Re: [BUG] raid5 crash with 2.4.0-test12 [Was: Linux-2.4.0-test12]

From: Neil Brown (neilb@cse.unsw.edu.au)
Date: Wed Dec 13 2000 - 18:15:10 EST

Next message: Pete Toscano: "Re: linux ipv6 questions. bugs?"
Previous message: Pete Zaitcev: "Re: test1[12] + sparc + bind 9.1.0b1 == bad things"
Messages sorted by: [ date ] [ thread ] [ subject ] [ author ]

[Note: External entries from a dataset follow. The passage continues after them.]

lemma (in group) subgroup_card_2:
  assumes "subgroup K G" "card K = 2"
  obtains b where "K = {\<one>, b}" "b \<noteq> \<one>" "b \<in> carrier G" "b \<otimes> b = \<one>"
proof -
  interpret K: subgroup K G by fact
  obtain b where Kb: "K = {\<one>, b}" "b \<noteq> \<one>"
    using assms(2) K.one_closed by (metis card_2_iff doubleton_eq_iff insertE singletonD)
  then have b: "b \<in> carrier G" using K.subset by blast
  have "b \<otimes> b \<in> K" using K.m_closed Kb(1) by blast
  moreover have "b \<otimes> b \<noteq> b" using Kb(2) b by (metis r_cancel_one')
  ultimately have "b \<otimes> b = \<one>" using Kb(1) by blast
  with Kb b show ?thesis using that by blast
qed

lemma (in group) m_inv_cancel_left:
  "x \<in> carrier G \<Longrightarrow> y \<in> carrier G \<Longrightarrow> x \<otimes> (inv x \<otimes> y) = y"
  by (simp flip: m_assoc)

lemma (in group) inv_m_cancel_left:
  "x \<in> carrier G \<Longrightarrow> y \<in> carrier G \<Longrightarrow> inv x \<otimes> (x \<otimes> y) = y"
  by (simp flip: m_assoc)

lemma (in group) rcos_eq_iff:
  assumes "subgroup H G" "x \<in> carrier G" "y \<in> carrier G"
  shows "H #> x = H #> y \<longleftrightarrow> x \<otimes> inv y \<in> H"
  using assms repr_independence[of x H y] repr_independenceD[of H x y]
    subgroup.rcos_module[OF assms(1) is_group assms(3,2)]
  by blast

lemma (in group) rcosets_eq_rcos_of_mem:
  assumes "subgroup H G" "P \<in> rcosets H" "x \<in> P"
  shows "P = H #> x"
  using assms repr_independence by (auto simp: RCOSETS_def)

section \<open>Sharply 2-transitive actions on cosets\<close>

text \<open>Bijectivity of \<open>z \<mapsto> (H z, H b z)\<close> says that \<open>G\<close> acts regularly, by right
  multiplication, on ordered pairs of distinct right cosets of \<open>H\<close>: the action on the
  cosets is sharply 2-transitive.\<close>

locale sharply_2_transitive_cosets = group G for G (structure) +
  fixes H b
  assumes H_subgroup: "subgroup H G"
    and finite_carrier: "finite (carrier G)"
    and b_carrier: "b \<in> carrier G"
    and b_involution: "b \<otimes> b = \<one>"
    and pair_bij: "bij_betw (\<lambda>z. (H #> z, H #> (b \<otimes> z))) (carrier G)
                     {(P, Q). P \<in> rcosets H \<and> Q \<in> rcosets H \<and> P \<noteq> Q}"
begin

definition stab :: "'a set \<Rightarrow> 'a set" where
  "stab P = {x \<in> carrier G. P #> x = P}"

lemma H_carrier: "H \<subseteq> carrier G"
  using H_subgroup subgroup.subset by blast

lemma rcoset_subset_carrier: "P \<in> rcosets H \<Longrightarrow> P \<subseteq> carrier G"
  using subgroup.rcosets_carrier[OF H_subgroup is_group] .

lemma H_in_rcosets: "H \<in> rcosets H"
  using subgroup.subgroup_in_rcosets[OF H_subgroup is_group] .

lemma finite_rcosets: "finite (rcosets H)"
  using rcosets_subset_PowG[OF H_subgroup] finite_carrier by (meson finite_Pow_iff finite_subset)

lemma card_carrier: "card (carrier G) = card (rcosets H) * (card (rcosets H) - 1)"
proof -
  let ?R = "rcosets H"
  have "{(P, Q). P \<in> ?R \<and> Q \<in> ?R \<and> P \<noteq> Q} = ?R \<times> ?R - (\<lambda>P. (P, P)) ` ?R" by auto
  moreover have "card (?R \<times> ?R - (\<lambda>P. (P, P)) ` ?R) = card ?R * card ?R - card ?R"
    using finite_rcosets by (subst card_Diff_subset) (auto simp: card_image inj_on_def card_cartesian_product)
  ultimately show ?thesis
    using bij_betw_same_card[OF pair_bij] by (simp add: diff_mult_distrib2)
qed

lemma two_le_card_rcosets: "2 \<le> card (rcosets H)"
proof -
  have "card (carrier G) \<noteq> 0" using finite_carrier by auto
  then show ?thesis using card_carrier by (cases "card (rcosets H)") auto
qed

lemma card_H: "card H = card (rcosets H) - 1"
  using lagrange[OF H_subgroup] card_carrier two_le_card_rcosets by (simp add: order_def)

lemma pair_surj:
  assumes "P \<in> rcosets H" "Q \<in> rcosets H" "P \<noteq> Q"
  obtains z where "z \<in> carrier G" "H #> z = P" "H #> (b \<otimes> z) = Q"
proof -
  have "(P, Q) \<in> (\<lambda>z. (H #> z, H #> (b \<otimes> z))) ` carrier G"
    using assms bij_betw_imp_surj_on[OF pair_bij] by simp
  then show ?thesis using that by blast
qed

lemma pair_inj:
  assumes "z \<in> carrier G" "w \<in> carrier G" "H #> z = H #> w" "H #> (b \<otimes> z) = H #> (b \<otimes> w)"
  shows "z = w"
  using assms inj_onD[OF bij_betw_imp_inj_on[OF pair_bij]] by simp

lemma stab_subgroup:
  assumes "P \<in> rcosets H"
  shows "subgroup (stab P) G"
proof (rule subgroupI)
  have P: "P \<subseteq> carrier G" using rcoset_subset_carrier assms .
  show "stab P \<subseteq> carrier G" "stab P \<noteq> {}" using P by (auto simp: stab_def intro!: exI[of _ \<one>])
  show "inv x \<in> stab P" if "x \<in> stab P" for x
  proof -
    have x: "x \<in> carrier G" "P #> x = P" using that by (auto simp: stab_def)
    then have "P #> inv x = P #> (x \<otimes> inv x)" using P coset_mult_assoc by (metis inv_closed)
    then show ?thesis using x P by (simp add: stab_def)
  qed
  show "x \<otimes> y \<in> stab P" if "x \<in> stab P" "y \<in> stab P" for x y
    using that P by (auto simp: stab_def simp flip: coset_mult_assoc)
qed

lemma stab_rcos:
  assumes "y \<in> carrier G"
  shows "stab (H #> y) = (\<lambda>h. inv y \<otimes> h \<otimes> y) ` H"
proof (rule Set.set_eqI, rule iffI)
  fix x assume "x \<in> stab (H #> y)"
  then have x: "x \<in> carrier G" "H #> (y \<otimes> x) = H #> y"
    using assms H_carrier by (auto simp: stab_def coset_mult_assoc)
  then have "y \<otimes> x \<otimes> inv y \<in> H" using rcos_eq_iff[OF H_subgroup] assms by simp
  moreover have "x = inv y \<otimes> (y \<otimes> x \<otimes> inv y) \<otimes> y"
    using x assms by (simp add: m_assoc inv_m_cancel_left)
  ultimately show "x \<in> (\<lambda>h. inv y \<otimes> h \<otimes> y) ` H" by blast
next
  fix x assume "x \<in> (\<lambda>h. inv y \<otimes> h \<otimes> y) ` H"
  then obtain h where h: "h \<in> H" "x = inv y \<otimes> h \<otimes> y" by blast
  then have hc: "h \<in> carrier G" using H_carrier by blast
  have "y \<otimes> x = h \<otimes> y" using h hc assms by (simp add: m_assoc m_inv_cancel_left)
  then have "H #> (y \<otimes> x) = H #> y"
    using h hc assms H_carrier by (simp add: coset_join2[OF hc H_subgroup] flip: coset_mult_assoc)
  then show "x \<in> stab (H #> y)" using h hc assms H_carrier by (simp add: stab_def coset_mult_assoc)
qed

lemma card_stab:
  assumes "P \<in> rcosets H"
  shows "card (stab P) = card H"
proof -
  obtain y where y: "y \<in> carrier G" "P = H #> y" using assms by (auto simp: RCOSETS_def)
  have "inj_on (\<lambda>h. inv y \<otimes> h \<otimes> y) H"
  proof (rule inj_onI)
    fix h h' assume "h \<in> H" "h' \<in> H" "inv y \<otimes> h \<otimes> y = inv y \<otimes> h' \<otimes> y"
    then show "h = h'" using y(1) H_carrier by (simp add: subset_iff)
  qed
  then show ?thesis using stab_rcos[OF y(1)] y(2) by (simp add: card_image)
qed

lemma one_in_stab: "P \<in> rcosets H \<Longrightarrow> \<one> \<in> stab P"
  using rcoset_subset_carrier by (simp add: stab_def)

On Tuesday December 12, torvalds@transmeta.com wrote:
>
>
> On Wed, 13 Dec 2000, Neil Brown wrote:
> >
> > Yes... you are right. Alright, I can't escape it any other way so I
> > guess I must admit that it is a raid5 bug.
> >
> > But how can raid5 be calling b_end_io on a buffer_head that was never
> > passed to generic_make_request?
> > Answer, it snoops on the buffer cache to try to do complete stripe
> > writes.
>
> Ahh, yes. It seems to just do a "get_hash_table()", and put that bh into
> the queues. Bad.
>
> > The following patch disabled that code.
>
> If this fix makes the oops go away, then the proper fix for the problem is
> not the #if 0, but do add something like
>
> bh->b_end_io = buffer_end_io_sync;
>
> to just before the "add_stripe_bh(sh, bh, i, WRITE);"
>
> We've already locked the thing, so that should be ok.

Yes, that should work, except that end_buffer_io_sync is static in
ll_rw_blk.c :-)

However I don't think there is a lot of point in maintaining this
piece of code. It was a useful optimisation in 2.2, but it is
substantially less effective in 2.4.

In 2.2 filesystems kept allcache data - file content, meta data, etc,
in the physically addressed buffer cache. As it was physically
addressed, raid5 could go looking for other data in the same stripe as
the stripe that it was writing, and thereby improve performance.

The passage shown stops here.